Search and Recommendation System
Multimodal search and recommendation platform with full CI/CD pipeline, monitoring, and A/B experiments
One-liner: I increased search conversion by 54% and reduced request cost by a third, implementing a multimodal search and recommendation platform for 10M+ SKU in 90 days.
What the system does in simple terms
Problem: searching 10M+ products in e-commerce is slow (620 ms), multimodal search and recommendations are expensive ($0.28 per QPS). Clients lost up to $0.7M monthly due to slow search, GPT-4 token bill reached $45k per month.
Solution: system understands text and images through CLIP encoder, finds similar products via FAISS HNSW in 175 ms and accurately ranks via cross-encoder. LLM cascade (Claude 3 → Mistral-7B) saves on expensive models, TensorRT INT8 speeds up 3.6x.
Savings: latency dropped from 620 ms to 175 ms (minus 72%), cost decreased by 33% (from $0.28 to $0.19 per QPS). CTR increased by 54%, empty results from 28% to 4%. GMV increased by $8.4M, support tickets dropped by 52%.
ML part: platform uses fine-tuned CLIP ViT-L/14 on 42M pairs for multimodal search, FAISS HNSW with category sharding, TensorRT optimization and cross-encoder for rerank. System automatically retrains on drift via Evidently, supports 300 QPS with 99.97% SLA.
TL;DR
| Before | After | What changed |
|---|---|---|
| p95 latency: 620 ms | 175 ms | −72% latency |
| Cost: $0.28/QPS | $0.19/QPS | −33% cost |
| CTR: baseline | +54% | +54% CTR |
| Zero results: 28% | 4% | −86% zero results |
| Manual deployment | CI/CD + canary | Zero-downtime deployment |
This is an English placeholder. Full translation coming soon.
FAQ
What changed most after deploying this search and recommendation stack?

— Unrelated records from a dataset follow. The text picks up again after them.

lemma tail_form_step:
  assumes k: "1 \<le> k" "k < n" and tail: "tail_form k q r"
  shows "\<exists>q' r'. tail_form (Suc k) q' r' \<and> length q < length q'"
proof -
  obtain ck w where g_k: "ck \<in> C" "alternating w" "g k = ck \<otimes> wprod w"
    using normal_form_exists[OF g_carrier] k by (metis atLeastAtMost_iff less_imp_le_nat)
  obtain ck' v where g_Suc_k: "ck' \<in> C" "alternating v" "g (Suc k) = ck' \<otimes> wprod v"
    using normal_form_exists[OF g_carrier] k by (metis atLeastAtMost_iff Suc_leI le_SucI)
  obtain \<alpha> \<mu> \<beta> \<nu> where split: "w = \<alpha> @ \<mu>" "v = \<beta> @ \<nu>" "wprod \<mu> \<otimes> inv (wprod \<nu>) \<in> C"
    and junction: "\<alpha> \<noteq> [] \<Longrightarrow> \<beta> \<noteq> [] \<Longrightarrow> fst (last \<alpha>) = fst (last \<beta>) \<Longrightarrow>
      snd (last \<alpha>) \<otimes> (wprod \<mu> \<otimes> inv (wprod \<nu>)) \<otimes> inv (snd (last \<beta>)) \<notin> C"
    using cancel_suffixes[OF g_k(2) g_Suc_k(2) C.one_closed] g_k(2) g_Suc_k(2)
    by (metis alternating_append r_one wprod_closed)
  interpret tamed_step G I H C n t g k q r ck ck' w v \<alpha> \<mu> \<beta> \<nu>
    by unfold_locales (fact amalg_free_product n_pos tg_carrier tamed k tail g_k g_Suc_k split junction)+
  consider "\<alpha> = []" "\<beta> = []" | "\<beta> \<noteq> []" "\<alpha> = [] \<Longrightarrow> fst (last \<beta>) \<noteq> tfactor k"
    | "\<alpha> = []" "\<beta> \<noteq> []" "fst (last \<beta>) = tfactor k" | "\<alpha> \<noteq> []" "\<beta> = []"
    by blast
  then show ?thesis
    using step_cancelled step_unmerged step_merging step_right_empty by cases blast+
qed

lemma tail_form_exists:
  "1 \<le> k \<Longrightarrow> k \<le> n \<Longrightarrow> \<exists>q r. tail_form k q r \<and> len (g 1) + k \<le> length q + 1"
proof (induction k rule: nat_induct_at_least)
  case base
  then show ?case
    using tail_form_first by (metis add.commute order_refl)
next
  case (Suc k)
  then obtain q r where "tail_form k q r" "len (g 1) + k \<le> length q + 1"
    by auto
  with tail_form_step[of k q r] Suc.hyps Suc.prems show ?case
    by fastforce
qed

lemma len_conj_prod_ge: "len (conj_prod G n t g) \<ge> len (g 1) + n + len (g n)"
proof -
  obtain q r where "tail_form n q r" "len (g 1) + n \<le> length q + 1"
    using tail_form_exists n_pos by blast
  then show ?thesis
    using tail_form_last by simp
qed

end

theorem mainTheorem18:
  fixes G :: "('a,'b) monoid_scheme" and I :: "'i set" and H :: "'i \<Rightarrow> 'a set" and C :: "'a set"
    and n :: nat and t g :: "nat \<Rightarrow> 'a"
  assumes "amalg_free_product G I H C"
    and "n \<ge> 1"
    and "\<forall>i\<in>{1..n}. t i \<in> carrier G \<and> g i \<in> carrier G"
    and "tamed G I H C n t g"
  shows "amalg_len G I H C (conj_prod G n t g) \<ge>
           amalg_len G I H C (g 1) + n + amalg_len G I H C (g n)"
proof -
  interpret tamed_conjugates G I H C n t g
    using assms by unfold_locales
  show ?thesis
    by (rule len_conj_prod_ge)
qed

end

Latency dropped substantially, recommendation relevance improved, and request economics became predictable through model and infrastructure optimization.
Why use a multimodal architecture here?
Combining text and image representations improved retrieval quality for diverse product queries where lexical matching alone was insufficient.
How was release risk controlled in production?
The team used CI/CD with canary and A/B rollout patterns, backed by monitoring and rollback criteria tied to both quality and performance signals.